DaVinci Resolve Review | PCMag

2022-03-26 06:37:14 By : Ms. July Lee

Pro-level video editing with a capable free version

A massively powerful professional video production application, DaVinci Resolve includes all the cutting, keyframing, color grading, and audio tools pros want. It also offers a capable free version, but there's a learning curve.

Blackmagic Design’s DaVinci Resolve, though clearly professional-level video editing software, is a longtime favorite among ambitious enthusiasts because of its capable free version and the ease of use it offers—after a considerable initial investment of time learning this huge, complex software.

Blackmagic Design claims DaVinci Resolve is the only product to combine video editing, motion graphics, color coding, and audio production in one tool. That may be if you compare it with pro-level-only software like Apple Final Cut Pro and Adobe Premiere Pro, but we’ve seen consumer-targeted software that has all those capabilities. What enthusiast video editor wouldn’t want to put those claims to the test? We did just that, and we found that the massive program delivers on them and adds innovative tools to boot, but—as mentioned—it takes some getting used to, as it doesn’t stick to the usual video interface and workflow conventions.

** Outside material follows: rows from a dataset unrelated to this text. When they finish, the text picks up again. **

lemma norm_sum_scaleR_sq_ge_of_near_orthogonal:
  fixes v :: "nat \<Rightarrow> 'a::real_inner" and c :: "nat \<Rightarrow> real" and K :: real
  assumes K: "K \<ge> 2" and n: "n \<ge> 1"
    and near_orth: "\<And>i k. i < n \<Longrightarrow> k < n \<Longrightarrow> k \<noteq> i \<Longrightarrow> \<bar>v i \<bullet> v k\<bar> * (K * real n) \<le> (norm (v i))\<^sup>2"
  shows "(\<Sum>i<n. (c i)\<^sup>2 * (norm (v i))\<^sup>2) / 2 \<le> (norm (\<Sum>i<n. c i *\<^sub>R v i))\<^sup>2"
proof -
  define A where "A i = (c i)\<^sup>2 * (norm (v i))\<^sup>2" for i
  define N where "N = K * real n"
  \<comment> \<open>Each cross term is charged to the two diagonal terms it involves; in total this costs
      \<open>2n \<Sum>\<^sub>i A\<^sub>i / (2N) = \<Sum>\<^sub>i A\<^sub>i / K\<close>.\<close>
  define b where "b i k = (if i = k then A i else - ((A i + A k) / (2 * N)))" for i k
  have N: "N > 0" unfolding N_def using K n by simp
  have A0: "A i \<ge> 0" for i unfolding A_def by simp
  have b_le: "b i k \<le> c i * c k * (v i \<bullet> v k)" if "i < n" "k < n" for i k
  proof (cases "i = k")
    case True
    then show ?thesis unfolding b_def A_def power2_norm_eq_inner by (simp add: power2_eq_square)
  next
    case False
    have "\<bar>v i \<bullet> v k\<bar> * N \<le> (norm (v k))\<^sup>2"
      using near_orth[OF that(2,1) False] unfolding N_def by (simp add: inner_commute)
    with False near_orth[OF that False[symmetric]] show ?thesis
      unfolding b_def A_def N_def by (simp add: inner_scaled_ge_of_small_inner N[unfolded N_def])
  qed
  have "(\<Sum>i<n. \<Sum>k<n. b i k) \<ge> (\<Sum>i<n. A i) - (\<Sum>i<n. \<Sum>k<n. A i + A k) / (2 * N)"
  proof -
    have "b i k \<ge> (if i = k then A i else 0) - (A i + A k) / (2 * N)" for i k
      using A0[of i] N unfolding b_def by auto
    then have "(\<Sum>i<n. \<Sum>k<n. b i k) \<ge> (\<Sum>i<n. \<Sum>k<n. (if i = k then A i else 0) - (A i + A k) / (2 * N))"
      by (intro sum_mono) auto
    then show ?thesis by (simp add: sum_subtractf sum_divide_distrib[symmetric])
  qed
  also have "(\<Sum>i<n. \<Sum>k<n. A i + A k) = 2 * real n * (\<Sum>i<n. A i)"
    by (simp add: sum.distrib sum_distrib_left[symmetric] sum.swap[of "\<lambda>i k. A k"])
  finally have "(\<Sum>i<n. A i) * (1 - 1 / K) \<le> (\<Sum>i<n. \<Sum>k<n. b i k)"
    using K n unfolding N_def by (simp add: field_simps)
  moreover have "(\<Sum>i<n. A i) / 2 \<le> (\<Sum>i<n. A i) * (1 - 1 / K)"
  proof -
    have "1 / 2 \<le> 1 - 1 / K" using K by (simp add: field_simps)
    then show ?thesis using mult_left_mono[of "1 / 2" "1 - 1 / K" "\<Sum>i<n. A i"] A0
      by (simp add: sum_nonneg)
  qed
  moreover have "(\<Sum>i<n. \<Sum>k<n. b i k) \<le> (\<Sum>i<n. \<Sum>k<n. c i * c k * (v i \<bullet> v k))"
    by (intro sum_mono b_le) auto
  moreover have "(\<Sum>i<n. \<Sum>k<n. c i * c k * (v i \<bullet> v k)) = (norm (\<Sum>i<n. c i *\<^sub>R v i))\<^sup>2"
    by (simp add: power2_norm_eq_inner inner_sum_left inner_sum_right sum_distrib_left
        mult_ac inner_commute)
  ultimately show ?thesis unfolding A_def by linarith
qed

lemma logistic_loss_has_real_derivative:
  "(logistic_loss has_real_derivative - 1 / (1 + exp z)) (at z)"
proof -
  have "((\<lambda>z. ln (1 + exp (- z))) has_real_derivative 1 / (1 + exp (- z)) * (exp (- z) * - 1)) (at z)"
    by (auto intro!: derivative_eq_intros simp: add_pos_pos)
  moreover have "1 / (1 + exp (- z)) * (exp (- z) * - 1) = - 1 / (1 + exp z)"
    by (simp add: field_simps exp_minus add_pos_pos)
  ultimately show ?thesis unfolding logistic_loss_def[abs_def] by simp
qed

lemma net_has_derivative:
  fixes a :: "'m::finite \<Rightarrow> real" and W :: "real^'d^'m"
  assumes "\<And>z. (\<phi> has_real_derivative \<phi>' z) (at z)"
  shows "((\<lambda>W. net \<phi> a W v) has_derivative
           (\<lambda>H. \<Sum>j\<in>UNIV. a j * ((H $ j) \<bullet> v * \<phi>' ((W $ j) \<bullet> v)))) (at W)"
proof -
  have "bounded_linear (\<lambda>W::real^'d^'m. (W $ j) \<bullet> v)" for j
    using bounded_linear_compose[OF bounded_linear_inner_left bounded_linear_vec_nth] by blast
  then have "((\<lambda>W::real^'d^'m. (W $ j) \<bullet> v) has_derivative (\<lambda>H. (H $ j) \<bullet> v)) (at W)" for j
    by (rule bounded_linear_imp_has_derivative)
  then show ?thesis
    unfolding net_def
    by (intro has_derivative_sum has_derivative_mult_right DERIV_compose_FDERIV[OF assms])
qed

text \<open>The summand of \<open>\<hat>G\<close> is \<open>-\<ell>'(y\<^sub>i f(x\<^sub>i))\<close>; it weights sample \<open>i\<close> in the gradient.\<close>

definition sample_weight ::
    "(real \<Rightarrow> real) \<Rightarrow> ('m::finite \<Rightarrow> real) \<Rightarrow> (nat \<Rightarrow> real^'d) \<Rightarrow> (nat \<Rightarrow> real) \<Rightarrow> real^'d^'m \<Rightarrow> nat \<Rightarrow> real"
  where "sample_weight \<phi> a x y W i = 1 / (1 + exp (y i * net \<phi> a W (x i)))"

definition loss_grad ::
    "(real \<Rightarrow> real) \<Rightarrow> (real \<Rightarrow> real) \<Rightarrow> ('m::finite \<Rightarrow> real) \<Rightarrow> nat \<Rightarrow> (nat \<Rightarrow> real^'d) \<Rightarrow> (nat \<Rightarrow> real)
      \<Rightarrow> real^'d^'m \<Rightarrow> real^'d^'m"
  where "loss_grad \<phi> \<phi>' a n x y W =
    (\<chi> j. \<Sum>i<n. (- sample_weight \<phi> a x y W i * y i * a j * \<phi>' ((W $ j) \<bullet> x i) / real n) *\<^sub>R x i)"

lemma emp_G_eq_sample_weight: "emp_G \<phi> a n x y W = (\<Sum>i<n. sample_weight \<phi> a x y W i) / real n"
  unfolding emp_G_def sample_weight_def by simp

lemma sample_weight_pos: "sample_weight \<phi> a x y W i > 0"
  unfolding sample_weight_def by (simp add: add_pos_pos)

lemma emp_loss_has_derivative:
  fixes a :: "'m::finite \<Rightarrow> real" and W :: "real^'d^'m"
  assumes "\<And>z. (\<phi> has_real_derivative \<phi>' z) (at z)"
  shows "(emp_loss \<phi> a n x y has_derivative (\<lambda>H. loss_grad \<phi> \<phi>' a n x y W \<bullet> H)) (at W)"
proof -
  let ?g = "sample_weight \<phi> a x y W"
  have "(emp_loss \<phi> a n x y has_derivative
     (\<lambda>H. 1 / real n * (\<Sum>i<n. y i * (\<Sum>j\<in>UNIV. a j * ((H $ j) \<bullet> x i * \<phi>' ((W $ j) \<bullet> x i)))
        * (- 1 / (1 + exp (y i * net \<phi> a W (x i))))))) (at W)"
    unfolding emp_loss_def[abs_def]
    by (intro has_derivative_mult_right has_derivative_sum
        DERIV_compose_FDERIV[OF logistic_loss_has_real_derivative] net_has_derivative assms)
  moreover have "1 / real n * (\<Sum>i<n. y i * (\<Sum>j\<in>UNIV. a j * ((H $ j) \<bullet> x i * \<phi>' ((W $ j) \<bullet> x i)))
        * (- 1 / (1 + exp (y i * net \<phi> a W (x i))))) = loss_grad \<phi> \<phi>' a n x y W \<bullet> H"
    for H :: "real^'d^'m"
  proof -
    have "loss_grad \<phi> \<phi>' a n x y W \<bullet> H = (\<Sum>j\<in>UNIV. loss_grad \<phi> \<phi>' a n x y W $ j \<bullet> H $ j)"
      by (rule inner_vec_def)
    also have "\<dots> = (\<Sum>j\<in>UNIV. \<Sum>i<n. - ?g i * y i * a j * \<phi>' ((W $ j) \<bullet> x i) / real n * (x i \<bullet> H $ j))"
      unfolding loss_grad_def by (simp add: inner_sum_left)
    also have "\<dots> = (\<Sum>i<n. \<Sum>j\<in>UNIV. - ?g i * y i * a j * \<phi>' ((W $ j) \<bullet> x i) / real n * (x i \<bullet> H $ j))"
      by (rule sum.swap)
    finally show ?thesis
      unfolding sample_weight_def
      by (simp add: sum_distrib_left sum_distrib_right inner_commute mult_ac)
  qed
  ultimately show ?thesis by simp
qed

lemma norm_loss_grad_row_sq_ge:
  fixes a :: "'m::finite \<Rightarrow> real" and x :: "nat \<Rightarrow> real^'d" and K \<gamma> r :: real
  assumes dbound: "\<And>z. \<gamma> \<le> \<bar>\<phi>' z\<bar>" and "\<gamma> \<ge> 0"
    and a_sq: "(a j)\<^sup>2 = 1 / real CARD('m)"
    and labels: "\<And>i. i < n \<Longrightarrow> \<bar>y i\<bar> = 1"
    and r: "\<And>i. i < n \<Longrightarrow> r \<le> norm (x i)" and "r \<ge> 0"
    and K: "K \<ge> 2" and n: "n \<ge> 1"
    and near_orth: "\<And>i k. i < n \<Longrightarrow> k < n \<Longrightarrow> k \<noteq> i \<Longrightarrow> \<bar>x i \<bullet> x k\<bar> * (K * real n) \<le> (norm (x i))\<^sup>2"
  shows "\<gamma>\<^sup>2 * r\<^sup>2 / (2 * real n ^ 2 * real CARD('m)) * (\<Sum>i<n. (sample_weight \<phi> a x y W i)\<^sup>2)
           \<le> (norm (loss_grad \<phi> \<phi>' a n x y W $ j))\<^sup>2"
proof -
  let ?g = "sample_weight \<phi> a x y W"
  define c where "c i = - ?g i * y i * a j * \<phi>' ((W $ j) \<bullet> x i) / real n" for i
  define s where "s = \<gamma>\<^sup>2 * r\<^sup>2 / (real n ^ 2 * real CARD('m))"
  have coeff: "s * (?g i)\<^sup>2 \<le> (c i)\<^sup>2 * (norm (x i))\<^sup>2" if "i < n" for i
  proof -
    let ?d = "\<phi>' ((W $ j) \<bullet> x i)"
    have "(y i)\<^sup>2 = 1" using labels[OF that] by (metis power2_abs power_one)
    then have c_sq: "(c i)\<^sup>2 = (?g i)\<^sup>2 / (real n ^ 2 * real CARD('m)) * ?d\<^sup>2"
      unfolding c_def by (simp add: power_mult_distrib power_divide a_sq)
    have "\<gamma>\<^sup>2 * r\<^sup>2 \<le> ?d\<^sup>2 * (norm (x i))\<^sup>2"
    proof (rule mult_mono)
      show "\<gamma>\<^sup>2 \<le> ?d\<^sup>2"
        using power_mono[OF dbound \<open>\<gamma> \<ge> 0\<close>, of 2] by simp
      show "r\<^sup>2 \<le> (norm (x i))\<^sup>2"
        using power_mono[OF r[OF that] \<open>r \<ge> 0\<close>, of 2] .
    qed simp_all
    then have "(?g i)\<^sup>2 / (real n ^ 2 * real CARD('m)) * (\<gamma>\<^sup>2 * r\<^sup>2)
        \<le> (?g i)\<^sup>2 / (real n ^ 2 * real CARD('m)) * (?d\<^sup>2 * (norm (x i))\<^sup>2)"
      by (rule mult_left_mono) simp
    then show ?thesis
      unfolding s_def c_sq by (simp add: mult_ac)
  qed
  have "s / 2 * (\<Sum>i<n. (?g i)\<^sup>2) \<le> (\<Sum>i<n. (c i)\<^sup>2 * (norm (x i))\<^sup>2) / 2"
    using sum_mono[of "{..<n}" "\<lambda>i. s * (?g i)\<^sup>2", OF coeff] by (simp add: sum_distrib_left[symmetric])
  also have "\<dots> \<le> (norm (\<Sum>i<n. c i *\<^sub>R x i))\<^sup>2"
    by (rule norm_sum_scaleR_sq_ge_of_near_orthogonal[OF K n near_orth])
  also have "(\<Sum>i<n. c i *\<^sub>R x i) = loss_grad \<phi> \<phi>' a n x y W $ j"
    unfolding loss_grad_def c_def by simp
  finally show ?thesis unfolding s_def by simp
qed

lemma norm_loss_grad_ge:
  fixes a :: "'m::finite \<Rightarrow> real" and x :: "nat \<Rightarrow> real^'d" and K \<gamma> r :: real
  assumes dbound: "\<And>z. \<gamma> \<le> \<bar>\<phi>' z\<bar>" and "\<gamma> \<ge> 0"
    and a_sq: "\<And>j. (a j)\<^sup>2 = 1 / real CARD('m)"
    and labels: "\<And>i. i < n \<Longrightarrow> \<bar>y i\<bar> = 1"
    and r: "\<And>i. i < n \<Longrightarrow> r \<le> norm (x i)" and "r \<ge> 0"
    and K: "K \<ge> 2" and n: "n \<ge> 1"
    and near_orth: "\<And>i k. i < n \<Longrightarrow> k < n \<Longrightarrow> k \<noteq> i \<Longrightarrow> \<bar>x i \<bullet> x k\<bar> * (K * real n) \<le> (norm (x i))\<^sup>2"
  shows "\<gamma> * r * emp_G \<phi> a n x y W / sqrt (2 * real n) \<le> norm (loss_grad \<phi> \<phi>' a n x y W)"
proof -
  let ?g = "sample_weight \<phi> a x y W"
  let ?G = "emp_G \<phi> a n x y W"
  have np: "real n > 0" using n by simp
  have "real n * ?G\<^sup>2 = (\<Sum>i<n. ?g i)\<^sup>2 / real n"
    using np by (simp add: emp_G_eq_sample_weight power2_eq_square)
  also have "\<dots> \<le> (\<Sum>i<n. (?g i)\<^sup>2)"
    using sum_squared_le_sum_of_squares[of ?g "{..<n}"] np by (simp add: field_simps)
  finally have cauchy_schwarz: "real n * ?G\<^sup>2 \<le> (\<Sum>i<n. (?g i)\<^sup>2)" .
  have "(\<gamma> * r * ?G / sqrt (2 * real n))\<^sup>2 = \<gamma>\<^sup>2 * r\<^sup>2 * ?G\<^sup>2 / (2 * real n)"
    by (simp add: power_divide power_mult_distrib)
  also have "\<dots> = real CARD('m) * (\<gamma>\<^sup>2 * r\<^sup>2 / (2 * real n ^ 2 * real CARD('m)) * (real n * ?G\<^sup>2))"
    using np by (simp add: field_simps power2_eq_square)
  also have "\<dots> \<le> real CARD('m) * (\<gamma>\<^sup>2 * r\<^sup>2 / (2 * real n ^ 2 * real CARD('m)) * (\<Sum>i<n. (?g i)\<^sup>2))"
    by (intro mult_left_mono cauchy_schwarz) auto
  also have "\<dots> = (\<Sum>j\<in>(UNIV :: 'm set). \<gamma>\<^sup>2 * r\<^sup>2 / (2 * real n ^ 2 * real CARD('m)) * (\<Sum>i<n. (?g i)\<^sup>2))"
    by simp
  also have "\<dots> \<le> (\<Sum>j\<in>UNIV. (norm (loss_grad \<phi> \<phi>' a n x y W $ j))\<^sup>2)"
    by (intro sum_mono norm_loss_grad_row_sq_ge[OF dbound \<open>\<gamma> \<ge> 0\<close> a_sq labels r \<open>r \<ge> 0\<close> K n near_orth])
  also have "\<dots> = (norm (loss_grad \<phi> \<phi>' a n x y W))\<^sup>2"
    unfolding power2_norm_eq_inner by (rule inner_vec_def[symmetric])
  finally show ?thesis by (rule power2_le_imp_le) simp
qed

Version 17 of DaVinci Resolve adds support for new wide-gamut HDR formats and brings a powerful audio engine with 3D audio support.

The free download is popular among YouTubers and gamers, since it gives them a large subset of the program's features without the pro-level capabilities they don’t need. In fact, it’s the most powerful free video editing option you can find. The free version is surprisingly robust, offering standard editing and cutting, effects, motion graphics, color correction, and audio editing.

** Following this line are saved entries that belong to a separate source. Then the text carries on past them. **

(* There is a function $C_5(t)$ such that for every positive integer $t$ the following holds: every connected bipartite graph $G$ with $\delta(G)\geq C_5(t)$ which is induced $S_{t,t}$-free has diameter at most $5$.
   Context: For positive integers $a,b$, the biclaw $S_{a,b}$ is the graph with vertex set $\{x,x_1,\dots,x_a,y,y_1,\dots,y_b\}$ and edges $xy$, $xy_1,\dots,xy_b$, $yx_1,\dots,yx_a$. Induced $S_{t,t}$-free means no induced subgraph isomorphic to $S_{t,t}$. $\delta(G)$ is the minimum degree. *)

theory Defs
  imports Main
begin

definition simple_graph :: "'a set \<Rightarrow> ('a \<Rightarrow> 'a \<Rightarrow> bool) \<Rightarrow> bool" where
  "simple_graph V E \<longleftrightarrow> finite V \<and> (\<forall>u v. E u v \<longrightarrow> u \<in> V \<and> v \<in> V)
     \<and> (\<forall>u v. E u v \<longrightarrow> E v u) \<and> (\<forall>v. \<not> E v v)"

definition degree :: "'a set \<Rightarrow> ('a \<Rightarrow> 'a \<Rightarrow> bool) \<Rightarrow> 'a \<Rightarrow> nat" where
  "degree V E v = card {u \<in> V. E v u}"

definition min_degree_ge :: "'a set \<Rightarrow> ('a \<Rightarrow> 'a \<Rightarrow> bool) \<Rightarrow> nat \<Rightarrow> bool" where
  "min_degree_ge V E k \<longleftrightarrow> (\<forall>v\<in>V. k \<le> degree V E v)"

Some of the more advanced capabilities like DaVinci Neural Engine, stereoscopic 3D tools, dozens of extra Resolve FX filters, and Fairlight FX audio plugins, plus advanced HDR grading and HDR scopes are missing in the free version, however. In testing, I occasionally got a message saying that I would need to pay to use a tool I was trying to use. That’s perfectly understandable—you still get a lot for free.

If you want all the premium features, you have to pay a one-time fee of $295. You can only get a full license through an authorized reseller, such as B&H Photo Video. That’s probably because Blackmagic sells optional custom keyboards and panels that work with the software—those run from the $295 Speed Editor keyboard to the $29,995 Advanced Panel. The company also makes pro cinema and studio cameras ranging from the $495 Pocket Cinema Camera 4K to the $9,995 URSA Mini Pro 12K.

The $295 price just barely beats that of the $299 Apple Final Cut Pro. The latter app requires you to buy the $49.99 Motion and the $49.99 Compressor ancillary apps to get parity in functionality, however. Premiere Pro is subscription-only and costs $20.99 per month with an annual commitment. If you do the math, that means that after a year and three months, you will have paid more for Premiere Pro than DaVinci Resolve.  

DaVinci Resolve runs not only on macOS (10.14.6 Mojave and later) and Windows 10 (1703 and later), but also on Linux, though only on CentOS 7.3 or later (a derivative of Red Hat Enterprise Linux). The program also requires at least 16GB RAM—32GB for Linux, or if you want to use the Fusion motion graphics effect. It’s a 2.4GB download, which is smaller than Premiere Pro’s 3.3GB, without the motion graphics and Media Encoder software. The installation requires a system reboot, which isn’t common for software installation these days. I tested the Windows version on a Core i7 PC with 16GB RAM.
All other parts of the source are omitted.